I, Alex Cross
- Author: James Patterson
- Language: English
- Series: Alex Cross
- Genre: Crime, mystery, thriller
- Publisher: Little, Brown
- Publication date: November 16, 2009
- Publication place: United States
- Media type: Print (hardcover)
- ISBN: 0-316-01878-3
- Preceded by: Alex Cross's Trial
- Followed by: Cross Fire

= I, Alex Cross =

Novel by James Patterson

I, Alex Cross is the 16th novel in the Alex Cross series by James Patterson. It was released in hardcover and paperback on November 16, 2009, to positive reviews and positive reception. It is preceded by Alex Cross's Trial. Its success led to five sequel novels, Cross Fire, Kill Alex Cross, Merry Christmas, Alex Cross, Alex Cross, Run and Cross My Heart.

==Plot summary==
Detective Alex Cross is enjoying a birthday party with his family when he receives a call from his bosses informing him that Caroline, the 24-year-old only daughter of his late brother Blake, has been found murdered in Virginia. Cross and his girlfriend Briana Stone rush to Richmond, Virginia, and are shocked to discover that Caroline's body was found dismembered (most likely by a wood chipper) in the trunk of a car driven by someone with connections to organized crime.

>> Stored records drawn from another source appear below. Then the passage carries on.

text \<open>Along a path from \<open>u\<close> to \<open>v\<close>, take a maximum matching missing the
  next-to-last vertex \<open>w\<close> that is closest to \<open>M\<close>; it covers \<open>u\<close> and \<open>v\<close>, so \<open>M\<close> covers a
  vertex \<open>z \<noteq> w\<close> that it misses, and an exchange at \<open>z\<close> brings it closer to \<open>M\<close>.\<close>
lemma unmatched_vertices_disconnected:
  assumes G: "simple_graph V E" and missed: "\<forall>w\<in>V. \<exists>N. max_matching E N \<and> w \<notin> \<Union>N"
    and path: "(u, v) \<in> (adj_outside V E {})\<^sup>*"
  shows "max_matching E M \<Longrightarrow> u \<noteq> v \<Longrightarrow> u \<notin> \<Union>M \<Longrightarrow> v \<notin> \<Union>M \<Longrightarrow> False"
  using path
proof (induction arbitrary: M rule: rtrancl_induct)
  case base
  then show ?case by simp
next
  case (step w v)
  have "{w, v} \<in> E" "w \<in> V" using adj_outsideD[OF step.hyps(2)] by auto
  then have cover: "v \<in> \<Union>N" if "max_matching E N" "w \<notin> \<Union>N" for N
    using max_matching_edge_meets[OF G that(1)] that(2) by blast
  show False
  proof (cases "w = u")
    case True
    then show False using cover step.prems by blast
  next
    case False
    have "w \<in> \<Union>M" using cover step.prems by blast
    have "finite M" using finite_matching[OF G] step.prems(1) unfolding max_matching_def by blast
    define P where "P N \<longleftrightarrow> max_matching E N \<and> w \<notin> \<Union>N" for N
    obtain N0 where "P N0" using missed \<open>w \<in> V\<close> unfolding P_def by blast
    obtain N where "P N" and closest: "\<And>N'. P N' \<Longrightarrow> card (M \<inter> N') \<le> card (M \<inter> N)"
      using ex_max_card_Int[of M P N0] \<open>finite M\<close> \<open>P N0\<close> by blast
    then have N: "max_matching E N" "w \<notin> \<Union>N" unfolding P_def by auto
    have "u \<in> \<Union>N" using step.IH N False by blast
    moreover have "v \<in> \<Union>N" using cover N by blast
    ultimately have "{u, v} \<subseteq> \<Union>N - \<Union>M" using step.prems by blast
    then have "2 \<le> card (\<Union>N - \<Union>M)"
      using card_mono[OF _ \<open>{u, v} \<subseteq> _\<close>] finite_Union_matching[OF G] N(1) step.prems(2)
      unfolding max_matching_def by simp
    then have "2 \<le> card (\<Union>M - \<Union>N)"
      using card_Union_max_matchings_diff[OF G step.prems(1) N(1)] by simp
    then obtain z where z: "z \<in> \<Union>M - \<Union>N" "z \<noteq> w" using two_le_card_ex_neq by metis
    then obtain e where "e \<in> M" "z \<in> e" by blast
    then obtain N' where "max_matching E N'" "\<Union>N' \<subseteq> insert z (\<Union>N)"
        "card (M \<inter> N) < card (M \<inter> N')"
      using max_matching_exchange[OF G step.prems(1) N(1)] z(1) by blast
    moreover have "P N'" using calculation(1,2) N(2) z(2) unfolding P_def by blast
    ultimately show False using closest by (meson not_le)
  qed
qed

lemma card_component_le_matched:
  assumes G: "simple_graph V E" and missed: "\<forall>w\<in>V. \<exists>N. max_matching E N \<and> w \<notin> \<Union>N"
    and M: "max_matching E M" and C: "C \<in> components_minus V E {}"
  shows "card C div 2 \<le> card {e\<in>M. e \<subseteq> C}"
proof -
  have mM: "matching E M" using M unfolding max_matching_def by blast
  have "C \<subseteq> V" using component_subset[OF C] by blast
  then have finC: "finite C" using G unfolding simple_graph_def by (blast intro: finite_subset)
  have "u = v" if "u \<in> C - \<Union>M" "v \<in> C - \<Union>M" for u v
  proof (rule ccontr)
    assume "u \<noteq> v"
    have "(u, v) \<in> (adj_outside V E {})\<^sup>*" using component_connected[OF C] that by blast
    from unmatched_vertices_disconnected[OF G missed this M \<open>u \<noteq> v\<close>] that show False by blast
  qed
  then have unmatched: "card (C - \<Union>M) \<le> 1"
    using card_le_Suc0_iff_eq[OF finite_Diff[OF finC]] by simp
  have cover: "C \<subseteq> \<Union>{e\<in>M. e \<subseteq> C} \<union> (C - \<Union>M)"
  proof
    fix z assume "z \<in> C"
    show "z \<in> \<Union>{e\<in>M. e \<subseteq> C} \<union> (C - \<Union>M)"
    proof (cases "z \<in> \<Union>M")
      case True
      then obtain e where e: "e \<in> M" "z \<in> e" by blast
      then have "e \<in> E" using mM unfolding matching_def by blast
      then obtain C' where C': "C' \<in> components_minus V E {}" "e \<subseteq> C'"
        using edge_in_component[OF G] by blast
      have "C' = C" using components_eq[OF C'(1) C, of z] e(2) C'(2) \<open>z \<in> C\<close> by blast
      then show ?thesis using e C'(2) by blast
    qed (use \<open>z \<in> C\<close> in blast)
  qed
  have matched: "card (\<Union>{e\<in>M. e \<subseteq> C}) = 2 * card {e\<in>M. e \<subseteq> C}"
    by (rule card_Union_matching[OF G matching_subset[OF mM]]) blast
  have "finite (\<Union>{e\<in>M. e \<subseteq> C})" by (rule finite_subset[OF _ finC]) blast
  then have "card C \<le> card (\<Union>{e\<in>M. e \<subseteq> C}) + card (C - \<Union>M)"
    using card_mono[OF _ cover] card_Un_le[of "\<Union>{e\<in>M. e \<subseteq> C}" "C - \<Union>M"] finC
    by (meson finite_Diff finite_UnI le_trans)
  then show ?thesis using unmatched matched by simp
qed

lemma card_max_matching_delete_vertex:
  assumes M: "max_matching E M" and u: "\<And>N. max_matching E N \<Longrightarrow> u \<in> \<Union>N"
    and M': "max_matching {e\<in>E. u \<notin> e} M'"
  shows "card M' < card M"
proof -
  have "matching E M'" using M' unfolding max_matching_def matching_def by auto
  then have "card M' \<le> card M" using M unfolding max_matching_def by blast
  moreover have "card M' \<noteq> card M"
  proof
    assume "card M' = card M"
    with \<open>matching E M'\<close> M have "max_matching E M'" unfolding max_matching_def by simp
    then have "u \<in> \<Union>M'" by (rule u)
    with M' show False unfolding max_matching_def matching_def by auto
  qed
  ultimately show ?thesis by simp
qed

text \<open>The Tutte--Berge formula, by induction on \<open>|V|\<close>: a vertex covered by every maximum
  matching is put into \<open>X\<close>; if there is none, \<open>X = {}\<close> is admissible by Gallai's lemma.\<close>
lemma max_matching_admissible:
  assumes "simple_graph V E" "max_matching E M"
  shows "\<exists>X. admissible (card M) V E X"
  using assms
proof (induction "card V" arbitrary: V E M rule: less_induct)
  case less
  note G = less.prems(1) and M = less.prems(2)
  show ?case
  proof (cases "\<exists>u\<in>V. \<forall>N. max_matching E N \<longrightarrow> u \<in> \<Union>N")
    case True
    then obtain u where u: "u \<in> V" "\<And>N. max_matching E N \<Longrightarrow> u \<in> \<Union>N" by blast
    define E' where "E' = {e\<in>E. u \<notin> e}"
    have G': "simple_graph (V - {u}) E'"
      using G unfolding simple_graph_def E'_def by auto
    have "card (V - {u}) < card V"
      using G u(1) unfolding simple_graph_def by (meson card_Diff1_less)
    moreover obtain M' where M': "max_matching E' M'"
      using max_matching_exists simple_graph_finite_edges[OF G'] by blast
    ultimately obtain X' where X': "admissible (card M') (V - {u}) E' X'"
      using less.hyps G' by blast
    have "card M' < card M"
      using card_max_matching_delete_vertex[OF M u(2)] M' unfolding E'_def by blast
    moreover have "u \<notin> X'" "finite X'"
      using X' G unfolding admissible_def simple_graph_def by (auto intro: finite_subset)
    ultimately have "admissible (card M) V E (insert u X')"
      using X' u(1) components_minus_delete_vertex[of V u E X']
      unfolding admissible_def E'_def by auto
    then show ?thesis by blast
  next
    case False
    then have missed: "\<forall>w\<in>V. \<exists>N. max_matching E N \<and> w \<notin> \<Union>N" by blast
    have "(\<Sum>C\<in>components_minus V E {}. card C div 2)
        \<le> (\<Sum>C\<in>components_minus V E {}. card {e\<in>M. e \<subseteq> C})"
      using card_component_le_matched[OF G missed M] by (rule sum_mono)
    also have "\<dots> = card {e\<in>M. e \<inter> {} = {}}"
      using card_edges_avoiding_eq_sum[OF G, of M "{}"] M
      unfolding max_matching_def matching_def by simp
    finally have "admissible (card M) V E {}" unfolding admissible_def by simp
    then show ?thesis by blast
  qed
qed

lemma x_param_attained:
  assumes G: "simple_graph V E" and "\<not> has_matching (s + 1) E"
  obtains X where "admissible s V E X" "card X = x_param s V E"
proof -
  obtain M where M: "max_matching E M"
    using max_matching_exists simple_graph_finite_edges[OF G] by blast
  then have "card M \<le> s"
    using card_matching_le[OF assms(2)] finite_matching[OF G] unfolding max_matching_def by blast
  moreover obtain X0 where "admissible (card M) V E X0" using max_matching_admissible[OF G M] by blast
  ultimately have "admissible s V E X0" unfolding admissible_def by simp
  then have "{card X | X. admissible s V E X} \<noteq> {}" by blast
  moreover have "{card X | X. admissible s V E X} \<subseteq> {..card V}"
    using G unfolding admissible_def simple_graph_def by (auto intro: card_mono)
  then have "finite {card X | X. admissible s V E X}" by (rule finite_subset) simp
  ultimately have "x_param s V E \<in> {card X | X. admissible s V E X}"
    unfolding x_param_def by (rule Max_in[rotated])
  then obtain X where "admissible s V E X" "x_param s V E = card X" by blast
  then show ?thesis using that by simp
qed

section \<open>Counting edges\<close>

lemma le_pred_add_choose:
  assumes "1 \<le> l" shows "d \<le> (l - 1) + (d choose l)"
proof (induction d)
  case (Suc d)
  show ?case
  proof (cases "Suc d \<le> l - 1")
    case False
    obtain l' where l': "l = Suc l'" using assms by (cases l) auto
    with False have "l' \<le> d" by simp
    then have "1 \<le> d choose l'" by (simp add: Suc_leI zero_less_binomial)
    moreover have "Suc d choose l = (d choose l) + (d choose l')" using l' by simp
    ultimately show ?thesis using Suc.IH by simp
  qed simp
qed simp

lemma sum_card_filter_swap:
  assumes "finite A" "finite B"
  shows "(\<Sum>a\<in>A. card {b\<in>B. R a b}) = (\<Sum>b\<in>B. card {a\<in>A. R a b})"
proof -
  have "(\<Sum>a\<in>A. card {b\<in>B. R a b}) = (\<Sum>a\<in>A. \<Sum>b\<in>B. if R a b then 1 else 0)"
    using assms(2) by (simp add: sum.inter_filter[symmetric])
  also have "\<dots> = (\<Sum>b\<in>B. \<Sum>a\<in>A. if R a b then 1 else 0)" by (rule sum.swap)
  also have "\<dots> = (\<Sum>b\<in>B. card {a\<in>A. R a b})"
    using assms(1) by (simp add: sum.inter_filter[symmetric])
  finally show ?thesis .
qed

lemma card_common_nbrs_less:
  assumes G: "simple_graph V E" and free: "\<not> has_Klt l t V E" and "S \<subseteq> V" "card S = l"
  shows "card {v\<in>V. \<forall>a\<in>S. {a, v} \<in> E} < t"
proof (rule ccontr)
  assume "\<not> ?thesis"
  then obtain B where B: "B \<subseteq> {v\<in>V. \<forall>a\<in>S. {a, v} \<in> E}" "card B = t"
    by (meson not_less obtain_subset_with_card_n)
  have "v \<notin> B" if "v \<in> S" for v
  proof
    assume "v \<in> B"
    then have "{v, v} \<in> E" using B(1) that by blast
    then show False using simple_graph_edge_neq[OF G] by blast
  qed
  then have "S \<inter> B = {}" by blast
  moreover have "B \<subseteq> V" "\<And>a b. a \<in> S \<Longrightarrow> b \<in> B \<Longrightarrow> {a, b} \<in> E" using B(1) by blast+
  ultimately have "has_Klt l t V E" using has_KltI[of S V B l t E] assms(3,4) B(2) by blast
  with free show False by blast
qed

text \<open>Double counting of the pairs \<open>(S, v)\<close> with \<open>S\<close> an \<open>l\<close>-subset of \<open>X\<close> joined to \<open>v\<close>.\<close>
lemma sum_choose_degree_le:
  assumes G: "simple_graph V E" and free: "\<not> has_Klt l t V E" and "X \<subseteq> V"
  shows "(\<Sum>v\<in>V. card {a\<in>X. {a, v} \<in> E} choose l) \<le> (t - 1) * (card X choose l)"
proof -
  have finV: "finite V" and finX: "finite X"
    using G \<open>X \<subseteq> V\<close> unfolding simple_graph_def by (auto intro: finite_subset)
  define P where "P = {S. S \<subseteq> X \<and> card S = l}"
  have "finite P" unfolding P_def using finX by simp
  have "card {a\<in>X. {a, v} \<in> E} choose l = card {S\<in>P. \<forall>a\<in>S. {a, v} \<in> E}" for v
  proof -
    have "{S\<in>P. \<forall>a\<in>S. {a, v} \<in> E} = {S. S \<subseteq> {a\<in>X. {a, v} \<in> E} \<and> card S = l}"
      unfolding P_def by auto
    then show ?thesis using n_subsets[of "{a\<in>X. {a, v} \<in> E}" l] finX by simp
  qed
  then have "(\<Sum>v\<in>V. card {a\<in>X. {a, v} \<in> E} choose l)
      = (\<Sum>S\<in>P. card {v\<in>V. \<forall>a\<in>S. {a, v} \<in> E})"
    using sum_card_filter_swap[OF finV \<open>finite P\<close>] by simp
  also have "\<dots> \<le> (\<Sum>S\<in>P. t - 1)"
  proof (rule sum_mono)
    fix S assume "S \<in> P"
    then have "S \<subseteq> V" "card S = l" using \<open>X \<subseteq> V\<close> unfolding P_def by auto
    from card_common_nbrs_less[OF G free this]
    show "card {v\<in>V. \<forall>a\<in>S. {a, v} \<in> E} \<le> t - 1" by simp
  qed
  also have "\<dots> = (t - 1) * (card X choose l)" unfolding P_def using n_subsets[OF finX] by simp
  finally show ?thesis .
qed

Cross takes the case and one of his first stops is Caroline's apartment. Cross is shocked to discover she only lived a few miles from him and yet never contacted him. He is further shocked to discover that based on the apartment's locale and the extensive lingerie wardrobe inside, Caroline was a high-end escort. Further investigation reveals that several other young people with connections to high-end prostitution have also either been murdered or disappeared under suspicious circumstances and that Caroline's escorting activities took her to a secretive club in Culpeper, Virginia, called Blacksmith Farms, where she may have met an ultra-secretive masked character named Zeus.

During the course of his investigation, Cross is thwarted by various people in Washington, D.C.—including the Secret Service and the President of the United States—who all want Cross to hand over his investigation to them. Cross refuses and is almost forced to give up his investigative efforts when his old FBI friend Ned Mahoney recommends Cross follow up on a lead provided by a country farmer.

The lead turns out to be an escort who saw Zeus without his mask on. All escorts—like Cross's niece Caroline—who saw Zeus without his mask were quickly killed and their bodies dismembered. This escort, however, managed to escape, but not before being shot in the back. The farmer managed to find her and nurse her back to health. The escort reveals that Zeus is actually Theodore Vance, husband to current US President Maggie Vance. Theodore Vance has a compulsion for young escorts and is able to indulge in it with the help of various people (like his Secret Service detail) who want to keep it quiet to protect the current presidential administration.

Cross goes to a party at the Kennedy Center in Washington, D.C. to question Theodore Vance about his connection to Zeus. Sensing that President Vance's administration is about to be brought down by Theodore Vance's arrest, Theodore Vance's personal Secret Service agent (Dan Cormorant), in a final act of loyalty to his country, shoots and kills Theodore Vance. Cormorant is immediately killed by other Secret Service agents.

By killing Vance, Cormorant has allowed the Vance presidential administration to survive and spared the country the embarrassment of a sex scandal. Instead, Theodore Vance will be remembered as a presidential spouse who was tragically and inexplicably killed by a rogue Secret Service agent. The novel ends with Alex asking Bree to marry him as Kyle Craig gives Cross a phone call, stating that he wants to have "fun" with Cross, but he will give him a break since his case with Zeus.

==Release==
The book was released in hardback, paperback, and audiobook. Excerpts can be read at the official James Patterson website.

==Sequels==
Due to the novel's positive success, it was reported to have been given five sequels: Cross Fire, Kill Alex Cross, Merry Christmas, Alex Cross, Alex Cross, Run, and Save Alex Cross.

==Film adaptation==
It was reported that there would be a new Alex Cross movie, which was planned for a 2012 release, and was to be a reboot of the original series featuring Morgan Freeman, with Tyler Perry being cast as Cross.